What you need to produce from the material below is an exact transcription of the lines from the one with "n (lift n Q) x" through the one with "by (rule spn_Suc_imp_spn)", both included, and no other line.

### Data provided
- - -
(* Let $n\ge2$ and let $Q=\begin{pmatrix} M & m\\ m^\top&\mu\end{pmatrix}\in\mathcal{S}^n$ with $M\in\mathcal{S}^{n-1}$, $m\in\mathbb{R}^{n-1}$, $\mu\in\mathbb{R}$, and define its lift $\widetilde Q=\begin{pmatrix} M&m&m\\ m^\top&\mu&\mu\\ m^\top&\mu&\mu\end{pmatrix}\in\mathcal{S}^{n+1}$. If $Q\in(\mathcal{S}^n_{\ge0}+\mathcal{N}^n)\setminus(\mathcal{S}^n_{\ge0}\cup\mathcal{N}^n)$, then $\widetilde Q\in(\mathcal{S}^{n+1}_{\ge0}+\mathcal{N}^{n+1})\setminus(\mathcal{S}^{n+1}_{\ge0}\cup\mathcal{N}^{n+1})$. If $Q\in\mathcal{COP}^n\setminus(\mathcal{S}^n_{\ge0}+\mathcal{N}^n)$, then $\widetilde Q\in\mathcal{COP}^{n+1}\setminus(\mathcal{S}^{n+1}_{\ge0}+\mathcal{N}^{n+1})$.
   Context: $\mathcal{S}^n$: real symmetric $n\times n$ matrices; $\mathcal{S}^n_{\ge0}$: positive semidefinite ones; $\mathcal{N}^n$: symmetric $n\times n$ matrices with all entries nonnegative; $\mathcal{COP}^n=\{B\in\mathcal{S}^n: x^\top Bx\ge0\ \forall x\in\mathbb{R}^n_{\ge0}\}$. *)

theory Defs
  imports "HOL-Analysis.Analysis"
begin

text \<open>Matrices of size n are represented as functions nat => nat => real;
only the entries with indices below n matter (indices 0..n-1).\<close>

type_synonym mat = "nat \<Rightarrow> nat \<Rightarrow> real"

definition symm :: "nat \<Rightarrow> mat \<Rightarrow> bool" where
  "symm n A \<longleftrightarrow> (\<forall>i<n. \<forall>j<n. A i j = A j i)"

definition qform :: "nat \<Rightarrow> mat \<Rightarrow> (nat \<Rightarrow> real) \<Rightarrow> real" where
  "qform n A x = (\<Sum>i<n. \<Sum>j<n. x i * A i j * x j)"

definition psd :: "nat \<Rightarrow> mat \<Rightarrow> bool" where
  "psd n A \<longleftrightarrow> symm n A \<and> (\<forall>x. qform n A x \<ge> 0)"

definition nonneg :: "nat \<Rightarrow> mat \<Rightarrow> bool" where
  "nonneg n A \<longleftrightarrow> symm n A \<and> (\<forall>i<n. \<forall>j<n. A i j \<ge> 0)"

definition spn :: "nat \<Rightarrow> mat \<Rightarrow> bool" where
  "spn n A \<longleftrightarrow> (\<exists>P N. psd n P \<and> nonneg n N \<and> (\<forall>i<n. \<forall>j<n. A i j = P i j + N i j))"

definition cop :: "nat \<Rightarrow> mat \<Rightarrow> bool" where
  "cop n A \<longleftrightarrow> symm n A \<and> (\<forall>x. (\<forall>i<n. x i \<ge> 0) \<longrightarrow> qform n A x \<ge> 0)"

text \<open>Lift of an n x n matrix Q = [[M,m],[m^T,mu]] to the (n+1) x (n+1) matrix
  [[M,m,m],[m^T,mu,mu],[m^T,mu,mu]]: the new index n duplicates the last index n-1.\<close>
definition lift :: "nat \<Rightarrow> mat \<Rightarrow> mat" where
  "lift n Q = (\<lambda>i j. Q (min i (n - 1)) (min j (n - 1)))"

end

theory Submission
  imports Defs
begin

text \<open>The lift agrees with \<open>Q\<close> on the leading \<open>n \<times> n\<close> block, and its quadratic form at \<open>x\<close>
  equals that of \<open>Q\<close> at the vector obtained by adding up the last two coordinates of \<open>x\<close>,
  a map sending the nonnegative orthant into itself. Hence lifting preserves each of the four
  cones (positive semidefinite, nonnegative, their sum, copositive), and restriction to the
  leading block shows that it also reflects them.\<close>

lemma qform_cong:
  assumes "\<forall>i<n. x i = y i" "\<forall>i<n. \<forall>j<n. A i j = B i j"
  shows "qform n A x = qform n B y"
  unfolding qform_def using assms by (auto intro!: sum.cong)

lemma qform_Suc_upd_zero: "qform (Suc n) A (x(n := 0)) = qform n A x"
proof -
  have "qform (Suc n) A (x(n := 0)) = qform n A (x(n := 0))"
    unfolding qform_def by simp
  also have "\<dots> = qform n A x" by (rule qform_cong) auto
  finally show ?thesis .
qed

lemma psd_Suc_imp_psd: "psd (Suc n) P \<Longrightarrow> psd n P"
  unfolding psd_def symm_def by (metis less_SucI qform_Suc_upd_zero)

lemma nonneg_Suc_imp_nonneg: "nonneg (Suc n) N \<Longrightarrow> nonneg n N"
  unfolding nonneg_def symm_def by auto

lemma cop_Suc_imp_cop: "cop (Suc n) A \<Longrightarrow> cop n A"
  unfolding cop_def symm_def
  by (metis less_SucI fun_upd_apply less_Suc_eq qform_Suc_upd_zero order_refl)

lemma spn_Suc_imp_spn: "spn (Suc n) A \<Longrightarrow> spn n A"
  unfolding spn_def by (meson less_SucI psd_Suc_imp_psd nonneg_Suc_imp_nonneg)

definition merge_last :: "nat \<Rightarrow> (nat \<Rightarrow> real) \<Rightarrow> nat \<Rightarrow> real" where
  "merge_last n x = x(n - 1 := x (n - 1) + x n)"

lemma lift_eq: "i < n \<Longrightarrow> j < n \<Longrightarrow> lift n Q i j = Q i j"
  unfolding lift_def by simp

lemma sum_Suc_Suc_min:
  "(\<Sum>j<Suc (Suc k). f (min j k) * x j) = (\<Sum>j<Suc k. f j * merge_last (Suc k) x j)"
proof -
  have "(\<Sum>j<k. f (min j k) * x j) = (\<Sum>j<k. f j * merge_last (Suc k) x j)"
    by (rule sum.cong) (auto simp: merge_last_def)
  then show ?thesis by (simp add: merge_last_def algebra_simps)
qed

lemma qform_lift:
  assumes "0 < n"
  shows "qform (Suc n) (lift n Q) x = qform n Q (merge_last n x)"
proof -
  obtain k where n: "n = Suc k" using assms by (cases n) auto
  let ?y = "merge_last (Suc k) x"
  have "qform (Suc (Suc k)) (lift (Suc k) Q) x
      = (\<Sum>i<Suc (Suc k). (\<Sum>j<Suc (Suc k). Q (min i k) (min j k) * x j) * x i)"
    unfolding qform_def lift_def
    by (simp add: sum_distrib_right sum_distrib_left algebra_simps)
  also have "\<dots> = (\<Sum>i<Suc (Suc k). (\<Sum>j<Suc k. Q (min i k) j * ?y j) * x i)"
    using sum_Suc_Suc_min[of "Q (min _ k)"] by simp
  also have "\<dots> = (\<Sum>i<Suc k. (\<Sum>j<Suc k. Q i j * ?y j) * ?y i)"
    using sum_Suc_Suc_min[of "\<lambda>a. \<Sum>j<Suc k. Q a j * ?y j" k x] by simp
  also have "\<dots> = qform (Suc k) Q ?y"
    unfolding qform_def sum_distrib_right by (intro sum.cong refl) (simp add: ac_simps)
  finally show ?thesis using n by simp
qed

lemma merge_last_nonneg:
  "(\<forall>i<Suc n. 0 \<le> x i) \<Longrightarrow> i < n \<Longrightarrow> 0 \<le> merge_last n x i"
  unfolding merge_last_def by auto

lemma symm_lift: "symm n Q \<Longrightarrow> symm (Suc n) (lift n Q)"
  unfolding symm_def lift_def by (cases n) (auto simp: min_def less_Suc_eq_le)

lemma qform_lift_block: "qform n (lift n Q) x = qform n Q x"
  by (rule qform_cong) (simp_all add: lift_eq)

lemma symm_lift_block: "symm n (lift n Q) \<longleftrightarrow> symm n Q"
  unfolding symm_def by (simp add: lift_eq)

lemma psd_lift_iff:
  assumes "0 < n"
  shows "psd (Suc n) (lift n Q) \<longleftrightarrow> psd n Q"
proof
  assume "psd (Suc n) (lift n Q)"
  then have "psd n (lift n Q)" by (rule psd_Suc_imp_psd)
  then show "psd n Q"
    unfolding psd_def by (simp add: qform_lift_block symm_lift_block)
next
  assume "psd n Q"
  then show "psd (Suc n) (lift n Q)"
    unfolding psd_def by (simp add: symm_lift qform_lift[OF assms])
qed

lemma nonneg_lift_iff:
  assumes "0 < n"
  shows "nonneg (Suc n) (lift n Q) \<longleftrightarrow> nonneg n Q"
proof
  assume "nonneg (Suc n) (lift n Q)"
  then have "nonneg n (lift n Q)" by (rule nonneg_Suc_imp_nonneg)
  then show "nonneg n Q"
    unfolding nonneg_def by (simp add: symm_lift_block lift_eq)
next
  assume "nonneg n Q"
  moreover have "min i (n - 1) < n" for i using assms by simp
  ultimately show "nonneg (Suc n) (lift n Q)"
    unfolding nonneg_def using symm_lift[of n Q] by (simp add: lift_def)
qed

lemma cop_lift_iff:
  assumes "0 < n"
  shows "cop (Suc n) (lift n Q) \<longleftrightarrow> cop n Q"
proof
  assume "cop (Suc n) (lift n Q)"
  then have "cop n (lift n Q)" by (rule cop_Suc_imp_cop)
  then show "cop n Q"
    unfolding cop_def by (simp add: symm_lift_block qform_lift_block)
next
  assume cop: "cop n Q"
  show "cop (Suc n) (lift n Q)" unfolding cop_def
  proof (intro conjI allI impI)
    show "symm (Suc n) (lift n Q)" using cop symm_lift unfolding cop_def by blast
    fix x :: "nat \<Rightarrow> real" assume "\<forall>i<Suc n. 0 \<le> x i"
    then have "0 \<le> qform n Q (merge_last n x)"
      using cop merge_last_nonneg unfolding cop_def by blast
    then show "0 \<le> qform (Suc n) (lift n Q) x" by (simp add: qform_lift[OF assms])
  qed
qed

lemma spn_lift_iff:
  assumes "0 < n"
  shows "spn (Suc n) (lift n Q) \<longleftrightarrow> spn n Q"
proof
  assume "spn (Suc n) (lift n Q)"
  then have "spn n (lift n Q)" by (rule spn_Suc_imp_spn)
  then show "spn n Q"
    unfolding spn_def by (simp add: lift_eq)
next
  assume "spn n Q"
  then obtain P N where PN: "psd n P" "nonneg n N" "\<forall>i<n. \<forall>j<n. Q i j = P i j + N i j"
    unfolding spn_def by auto
  have "min i (n - 1) < n" for i using assms by simp
  with PN(3) have "\<forall>i<Suc n. \<forall>j<Suc n. lift n Q i j = lift n P i j + lift n N i j"
    by (simp add: lift_def)
  with PN(1,2) show "spn (Suc n) (lift n Q)"
    unfolding spn_def using psd_lift_iff[OF assms] nonneg_lift_iff[OF assms] by blast
qed

theorem lemma5p5:
  fixes n :: nat and Q :: mat
  assumes "n \<ge> 2" and "symm n Q"
  shows "(spn n Q \<and> \<not> psd n Q \<and> \<not> nonneg n Q \<longrightarrow>
            spn (n+1) (lift n Q) \<and> \<not> psd (n+1) (lift n Q) \<and> \<not> nonneg (n+1) (lift n Q))
       \<and> (cop n Q \<and> \<not> spn n Q \<longrightarrow>
            cop (n+1) (lift n Q) \<and> \<not> spn (n+1) (lift n Q))"
proof -
  have "0 < n" using assms(1) by simp
  then show ?thesis
    by (simp add: psd_lift_iff nonneg_lift_iff spn_lift_iff cop_lift_iff)
qed

end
- - -
### Task output
lemma qform_lift_block: "qform n (lift n Q) x = qform n Q x"
  by (rule qform_cong) (simp_all add: lift_eq)

lemma symm_lift_block: "symm n (lift n Q) \<longleftrightarrow> symm n Q"
  unfolding symm_def by (simp add: lift_eq)

lemma psd_lift_iff:
  assumes "0 < n"
  shows "psd (Suc n) (lift n Q) \<longleftrightarrow> psd n Q"
proof
  assume "psd (Suc n) (lift n Q)"
  then have "psd n (lift n Q)" by (rule psd_Suc_imp_psd)
  then show "psd n Q"
    unfolding psd_def by (simp add: qform_lift_block symm_lift_block)
next
  assume "psd n Q"
  then show "psd (Suc n) (lift n Q)"
    unfolding psd_def by (simp add: symm_lift qform_lift[OF assms])
qed

lemma nonneg_lift_iff:
  assumes "0 < n"
  shows "nonneg (Suc n) (lift n Q) \<longleftrightarrow> nonneg n Q"
proof
  assume "nonneg (Suc n) (lift n Q)"
  then have "nonneg n (lift n Q)" by (rule nonneg_Suc_imp_nonneg)
  then show "nonneg n Q"
    unfolding nonneg_def by (simp add: symm_lift_block lift_eq)
next
  assume "nonneg n Q"
  moreover have "min i (n - 1) < n" for i using assms by simp
  ultimately show "nonneg (Suc n) (lift n Q)"
    unfolding nonneg_def using symm_lift[of n Q] by (simp add: lift_def)
qed

lemma cop_lift_iff:
  assumes "0 < n"
  shows "cop (Suc n) (lift n Q) \<longleftrightarrow> cop n Q"
proof
  assume "cop (Suc n) (lift n Q)"
  then have "cop n (lift n Q)" by (rule cop_Suc_imp_cop)
  then show "cop n Q"
    unfolding cop_def by (simp add: symm_lift_block qform_lift_block)
next
  assume cop: "cop n Q"
  show "cop (Suc n) (lift n Q)" unfolding cop_def
  proof (intro conjI allI impI)
    show "symm (Suc n) (lift n Q)" using cop symm_lift unfolding cop_def by blast
    fix x :: "nat \<Rightarrow> real" assume "\<forall>i<Suc n. 0 \<le> x i"
    then have "0 \<le> qform n Q (merge_last n x)"
      using cop merge_last_nonneg unfolding cop_def by blast
    then show "0 \<le> qform (Suc n) (lift n Q) x" by (simp add: qform_lift[OF assms])
  qed
qed

lemma spn_lift_iff:
  assumes "0 < n"
  shows "spn (Suc n) (lift n Q) \<longleftrightarrow> spn n Q"
proof
  assume "spn (Suc n) (lift n Q)"
  then have "spn n (lift n Q)" by (rule spn_Suc_imp_spn)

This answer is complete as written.